Solid iron(III) hydroxide decomposes to produce
iron(III) oxide and water vapor. 1.09 L
of water vapor is produced at STP. How much
iron(III) hydroxide was used? in g.
Start by balancing the equation. Convert 1.09L H2O vapor to mols. Convert mols H2O to iron(III) hydroxide using the coefficients in the balanced equation, the convert that to grams. I can help you through it if you get stuck but explain in detail what you don't understand.
I have no idea!?!?
To find the amount of iron(III) hydroxide used, we can use the stoichiometry of the reaction and the molar volume of a gas at STP.
The balanced chemical equation for the reaction is:
2 Fe(OH)3 -> Fe2O3 + 3 H2O
From the equation, we can see that 2 moles of iron(III) hydroxide produce 3 moles of water vapor.
We know the volume of water vapor produced is 1.09 L at STP. However, we need to convert this volume to moles using the molar volume of a gas at STP, which is 22.4 L/mol.

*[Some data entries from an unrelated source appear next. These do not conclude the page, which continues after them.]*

lemma choice_top_tier:
  assumes R: "R \<in> prefs M"
  shows "f (upper_tier M {f R}) = f R"
proof -
  define b where "b = f R"
  define R1 where "R1 = split_class R (indiff_class M R b) {b}"
  define U where "U = {a \<in> M. R1 a b}"
  define V where "V = upper_tier M U"
  define N where "N = split_class V U {b}"
  have b: "b \<in> M" unfolding b_def by (rule choice_in[OF R])
  have R1: "R1 \<in> prefs M" unfolding R1_def by (rule split_class_prefs[OF R])
  have "{b} \<subseteq> indiff_class M R b" using b prefs_refl[OF R b] unfolding indiff_class_def by simp
  then have "f R1 = b"
    using split_class_choice_stays[OF R b refl, of "{b}"] by (simp add: R1_def b_def[symmetric])
  moreover have "indiff_class M R1 b = {b}"
    using b prefs_refl[OF R b] unfolding R1_def split_class_def indiff_class_def by auto
  ultimately have "f V = b"
    using choice_upper_contour_tier[OF R1] unfolding V_def U_def by simp
  have "b \<in> U" unfolding U_def using prefs_refl[OF R1 b] b by blast
  then have class_V: "U = indiff_class M V b"
    unfolding V_def by (rule indiff_class_upper_tier[symmetric, rotated]) (auto simp: U_def)
  have V: "V \<in> prefs M" unfolding V_def by (rule upper_tier_prefs)
  have N: "N \<in> prefs M" unfolding N_def class_V by (rule split_class_prefs[OF V])
  have "f N = b"
    using split_class_choice_stays[OF V b class_V, of "{b}"] \<open>b \<in> U\<close> \<open>f V = b\<close>
    unfolding N_def by blast
  have NT: "N \<le> upper_tier M {b}"
    using \<open>b \<in> U\<close> unfolding N_def split_class_def V_def upper_tier_def by auto
  have "upper_tier M {b} (f (upper_tier M {b})) b"
    using refinement_choice_indiff[OF N upper_tier_prefs NT] \<open>f N = b\<close> by blast
  then show ?thesis unfolding upper_tier_def b_def by blast
qed

theorem choice_strategyproof:
  assumes R: "R \<in> prefs M" and R': "R' \<in> prefs M"
  shows "R (f R) (f R')"
proof -
  define b where "b = f R'"
  have b: "b \<in> M" unfolding b_def by (rule choice_in[OF R'])
  define T where "T = upper_tier M {b}"
  define lifted where "lifted = (\<lambda>a c. a \<in> M \<and> c \<in> M \<and> (a = b \<or> c \<noteq> b \<and> R a c))"
  define merged where "merged = (\<lambda>a c. a \<in> M \<and> c \<in> M \<and> (R a b \<or> R a c))"
  have lifted: "lifted \<in> prefs M"
  proof (rule prefsI)
    show "lifted a c \<or> lifted c a" if "a \<in> M" "c \<in> M" for a c
      using that prefs_total[OF R that] unfolding lifted_def by blast
    show "lifted a d" if "lifted a c" "lifted c d" for a c d
      using that prefs_trans[OF R] unfolding lifted_def by blast
  qed (simp add: lifted_def)
  have merged: "merged \<in> prefs M"
  proof (rule prefsI)
    show "merged a c \<or> merged c a" if "a \<in> M" "c \<in> M" for a c
      using that prefs_total[OF R that] unfolding merged_def by blast
    show "merged a d" if "merged a c" "merged c d" for a c d
      using that prefs_trans[OF R] unfolding merged_def by blast
  qed (simp add: merged_def)
  have "lifted \<le> T" unfolding lifted_def T_def upper_tier_def by auto
  then have "T (f lifted) (f T)" using refinement_choice_indiff[OF lifted] T_def upper_tier_prefs by blast
  then have "f lifted = b" using choice_top_tier[OF R'] unfolding T_def b_def upper_tier_def by simp
  have "R \<le> merged" using prefs_domain[OF R] unfolding merged_def by blast
  moreover have "lifted \<le> merged" using prefs_refl[OF R b] unfolding lifted_def merged_def by auto
  ultimately have "merged (f R) (f merged)" "merged (f merged) (f lifted)"
    using refinement_choice_indiff[OF R merged] refinement_choice_indiff[OF lifted merged] by blast+
  then have "merged (f R) b" using prefs_trans[OF merged] \<open>f lifted = b\<close> by blast
  then show ?thesis unfolding merged_def b_def by blast
qed
end

theorem corollary1:
  fixes M :: "'a set" and \<phi> :: "('a \<Rightarrow> 'a \<Rightarrow> bool) \<Rightarrow> 'a \<Rightarrow> real"
  assumes "finite M"
    and "mechanism M \<phi>"
    and "deterministic M \<phi>"
  shows "strategyproof M \<phi> \<longleftrightarrow> separation_monotonic M \<phi>"
proof -
  interpret deterministic_mechanism M \<phi> using assms by unfold_locales
  show ?thesis
  proof
    assume "strategyproof M \<phi>"
    then show "separation_monotonic M \<phi>"
      unfolding strategyproof_iff_outcome separation_monotonic_iff_outcome separation_at_def by blast
  next
    assume "separation_monotonic M \<phi>"
    then interpret locally_strategyproof M "outcome M \<phi>"
      by unfold_locales (use finite_M outcome_in separation_monotonic_iff_outcome in blast)+
    show "strategyproof M \<phi>"
      unfolding strategyproof_iff_outcome using choice_strategyproof by blast
  qed
qed

end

1.09 L * (1 mol / 22.4 L) = 0.0487 mol
Now we can use the stoichiometry of the reaction to find the amount of iron(III) hydroxide:
2 moles Fe(OH)3 -> 3 moles H2O
x moles Fe(OH)3 -> 0.0487 moles H2O
x = (0.0487 mol * 2 mol Fe(OH)3) / 3 mol H2O
x = 0.0325 mol Fe(OH)3
Finally, we can convert the moles of iron(III) hydroxide to grams using its molar mass. The molar mass of Fe(OH)3 is:
1 mol Fe = 55.85 g
3 mol O = 3 * 16.00 g
3 mol H = 3 * 1.01 g
Molar mass of Fe(OH)3 = 55.85 g + 3 * 16.00 g + 3 * 1.01 g = 106.89 g/mol
0.0325 mol * 106.89 g/mol = 3.476 g
Therefore, approximately 3.476 grams of iron(III) hydroxide was used.

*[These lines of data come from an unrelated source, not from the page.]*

lemma Ah_split_Ahinv_P_bounded:
  "\<exists>C. \<forall>h\<in>I. \<forall>x. norm (Ah1 h (Ahinv h (P h x))) \<le> C * norm x \<and>
                   norm (Ah2 h (Ahinv h (P h x))) \<le> C * norm x"
proof -
  obtain Ce where Ce: "Ce \<ge> 0"
    "\<And>h x. h \<in> I \<Longrightarrow> h\<^sup>2 * norm (Ah1 h (P h x)) \<le> Ce * norm x"
    "\<And>h x. h \<in> I \<Longrightarrow> h\<^sup>2 * norm (Ah2 h (P h x)) \<le> Ce * norm x"
    using Ah_split_P_bounded by blast
  obtain Cg where Cg: "\<And>h x. h \<in> I \<Longrightarrow> norm (Ainv x - Ahinv h (P h x)) \<le> Cg * h\<^sup>2 * norm x"
    using Ahinv_P_error by blast
  obtain C where C: "\<And>h x. h \<in> I \<Longrightarrow> norm (Ah1 h (P h (Ainv x))) \<le> C * norm x"
    "\<And>h x. h \<in> I \<Longrightarrow> norm (Ah2 h (P h (Ainv x))) \<le> C * norm x"
    using Ah_split_P_Ainv_bounded by blast
  have component: "norm (Bh (Ahinv h (P h x))) \<le> (Ce * Cg + C) * norm x"
    if h: "h \<in> I" and lin: "lin_on (V h) Bh"
      and e: "\<And>z. h\<^sup>2 * norm (Bh (P h z)) \<le> Ce * norm z"
      and c: "norm (Bh (P h (Ainv x))) \<le> C * norm x" for h x Bh
  proof -
    let ?u = "Ahinv h (P h x)" and ?v = "Ainv x"
    have "?u = P h (?u - ?v) + P h ?v"
      using P_idem[OF h Ahinv_in_V[OF h P_in_V[OF h]]] P_linear[OF h] by (simp add: linear_diff)
    then have "Bh ?u = Bh (P h (?u - ?v)) + Bh (P h ?v)"
      using lin P_in_V[OF h] unfolding lin_on_def by metis
    then have "norm (Bh ?u) \<le> norm (Bh (P h (?u - ?v))) + norm (Bh (P h ?v))"
      by (simp add: norm_triangle_ineq)
    moreover have "norm (Bh (P h (?u - ?v))) \<le> Ce * Cg * norm x"
    proof -
      have "h\<^sup>2 * norm (Bh (P h (?u - ?v))) \<le> Ce * norm (?u - ?v)"
        by (rule e)
      also have "\<dots> \<le> Ce * (Cg * h\<^sup>2 * norm x)"
        using mult_left_mono[OF Cg[OF h, of x] Ce(1)] by (simp add: norm_minus_commute)
      also have "\<dots> = h\<^sup>2 * (Ce * Cg * norm x)"
        by (simp add: mult_ac)
      finally show ?thesis
        using h_pos[OF h] by simp
    qed
    ultimately show ?thesis
      using c by (simp add: algebra_simps)
  qed
  show ?thesis
  proof (intro exI ballI allI conjI)
    fix h x assume h: "h \<in> I"
    have "lin_on (V h) (Ah1 h)" "lin_on (V h) (Ah2 h)"
      using Ah_endo[OF h] unfolding endo_on_def by blast+
    then show "norm (Ah1 h (Ahinv h (P h x))) \<le> (Ce * Cg + C) * norm x"
      and "norm (Ah2 h (Ahinv h (P h x))) \<le> (Ce * Cg + C) * norm x"
      using component[OF h] Ce(2,3)[OF h] C(1,2)[OF h] by blast+
  qed
qed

To determine the amount of iron(III) hydroxide used, you need to use the information given and utilize the concept of stoichiometry.

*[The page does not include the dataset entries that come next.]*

(* Let $C$ be a bounded closed convex subset of a Hilbert space $H$ and let $T : C \rightarrow C$ be a $(b,k)$-enriched strictly pseudocontractive mapping for some $0 \leq k < 1$. Then $\mathrm{Fix}(T) \neq \emptyset$ and, for any given $x_0 \in C$ and any control sequence $\{\alpha_n\}$ of real numbers such that $k < \alpha_n < 1$ for all $n$ and $$\sum_{n=0}^{\infty} (\alpha_n - k)(1 - \alpha_n) = \infty,$$ the Krasnoselskij-Mann iteration $\{x_n\}_{n=0}^\infty$ given by $$x_{n+1} = (1 - \lambda\alpha_n)x_n + \lambda\alpha_n T x_n, \quad n \geq 0,$$ for some $\lambda \in (0,1)$, converges weakly to a fixed point of $T$.
   Context: For a mapping $T : C \to C$, $C \subseteq H$, $\mathrm{Fix}(T) = \{x \in C : Tx = x\}$. A mapping $T : C \to C$ is called $(b,k)$-enriched strictly pseudocontractive if there exist $b \in [0,\infty)$ and $k < 1$ such that for all $x, y \in C$, $$\|b(x - y) + Tx - Ty\|^2 \leq (b + 1)^2\|x - y\|^2 + k\|x - y - (Tx - Ty)\|^2.$$ *)

theory Defs
  imports "HOL-Analysis.Analysis"
begin

definition Fix :: "'a set \<Rightarrow> ('a \<Rightarrow> 'a) \<Rightarrow> 'a set" where
  "Fix C T = {x \<in> C. T x = x}"

definition enriched_strictly_pseudocontractive ::
  "real \<Rightarrow> real \<Rightarrow> 'a::real_inner set \<Rightarrow> ('a \<Rightarrow> 'a) \<Rightarrow> bool" where
  "enriched_strictly_pseudocontractive b k C T \<longleftrightarrow>
     b \<ge> 0 \<and> k < 1 \<and>
     (\<forall>x\<in>C. \<forall>y\<in>C.
        (norm (b *\<^sub>R (x - y) + T x - T y))\<^sup>2
          \<le> (b + 1)\<^sup>2 * (norm (x - y))\<^sup>2 + k * (norm (x - y - (T x - T y)))\<^sup>2)"

definition weakly_converges_to :: "(nat \<Rightarrow> 'a::real_inner) \<Rightarrow> 'a \<Rightarrow> bool" where
  "weakly_converges_to x p \<longleftrightarrow> (\<forall>y. (\<lambda>n. inner (x n) y) \<longlonglongrightarrow> inner p y)"

end

theory Submission
  imports Defs
begin
lemma act_growth:
  assumes "valid_blocks p q bs"
  shows "length (fst (act g (bs, N))) \<le> Suc (length bs)"
    and "\<bar>snd (act g (bs, N))\<bar> + 1 \<le> int (p + q) * (\<bar>N\<bar> + 1)"
proof -
  have "modulus p q d \<le> int (p + q)" for d by (simp add: modulus_def)
  then have t: "\<bar>snd (t_act d (bs, N))\<bar> + 1 \<le> int (p + q) * (\<bar>N\<bar> + 1)" for d
    using t_act_growth(2)[OF assms, of d N] by (smt (verit) mult_right_mono)
  have "2 * (\<bar>N\<bar> + 1) \<le> int (p + q) * (\<bar>N\<bar> + 1)"
    using p_pos q_pos by (intro mult_right_mono) simp_all
  then show "\<bar>snd (act g (bs, N))\<bar> + 1 \<le> int (p + q) * (\<bar>N\<bar> + 1)"
    using t by (cases g) auto
  show "length (fst (act g (bs, N))) \<le> Suc (length bs)"
    using t_act_growth(1)[OF assms] by (cases g) auto
qed

lemma state_of_growth:
  "length (fst (state_of v)) \<le> length v \<and> \<bar>snd (state_of v)\<bar> + 1 \<le> int (p + q) ^ length v"
proof (induction v rule: rev_induct)
  case (snoc g v)
  obtain bs N where v: "state_of v = (bs, N)" by (cases "state_of v")
  have valid: "valid_blocks p q bs" using valid_state_of[of v] v by simp
  have step: "state_of (v @ [g]) = act g (bs, N)" by (simp add: state_of_def v[unfolded state_of_def])
  have "int (p + q) * (\<bar>N\<bar> + 1) \<le> int (p + q) * int (p + q) ^ length v"
    using snoc.IH v by (intro mult_left_mono) simp_all
  then show ?case
    using snoc.IH act_growth[OF valid, of g N] by (simp add: step v)
qed (simp add: state_of_def)

lemma length_blocks_word:
  assumes "valid_blocks p q bs"
  shows "length (blocks_word bs) \<le> (p + q) * length bs"
proof -
  have "length (block_word b) \<le> p + q" if "b \<in> set bs" for b
    using assms that by (auto simp: valid_blocks_def valid_block_def block_word_def split: if_splits)
  then show ?thesis
    unfolding blocks_word_def length_concat
    using sum_list_mono[of bs "\<lambda>b. length (block_word b)" "\<lambda>_. p + q"]
    by (simp add: sum_list_triv mult.commute o_def)
qed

First, let's write the balanced chemical equation for the reaction:
Fe(OH)3(s) -> Fe2O3(s) + H2O(g)
From the equation, we can see that for every mole of Fe(OH)3, one mole of H2O is produced.
Next, we need to calculate the number of moles of H2O produced at STP. STP stands for standard temperature and pressure, which is 273 K (0 degrees Celsius) and 1 atm.
Using the ideal gas law, we can determine the number of moles of water vapor:
n = PV/RT
Where:
P = pressure (1 atm)
V = volume of water vapor (1.09 L)
R = ideal gas constant (0.0821 L·atm·mol^−1·K^−1)
T = temperature (273 K)
Plugging in the values:
n = (1 atm)(1.09 L) / (0.0821 L·atm·mol^−1·K^−1)(273 K)
n ≈ 0.0437 moles
Since the stoichiometric ratio between Fe(OH)3 and H2O is 1:1, this means that 0.0437 moles of Fe(OH)3 were used.
Finally, we can find the molar mass of Fe(OH)3, which is composed of iron (Fe), oxygen (O), and hydrogen (H):
Fe: 1 × atomic mass of Fe
O: 3 × atomic mass of O
H: 3 × atomic mass of H
Fe(OH)3: (1 × atomic mass of Fe) + (3 × atomic mass of O) + (3 × atomic mass of H)
Using the atomic masses:
Fe(OH)3: (1 × 55.85 g/mol) + (3 × 16.00 g/mol) + (3 × 1.01 g/mol)
Fe(OH)3: 55.85 g/mol + 48.00 g/mol + 3.03 g/mol
Fe(OH)3: 106.88 g/mol
Finally, multiplying the number of moles by the molar mass will give us the mass of Fe(OH)3 used:
Mass = n × molar mass
Mass = 0.0437 moles × 106.88 g/mol
Mass ≈ 4.68 grams
Therefore, approximately 4.68 grams of iron(III) hydroxide was used in the reaction.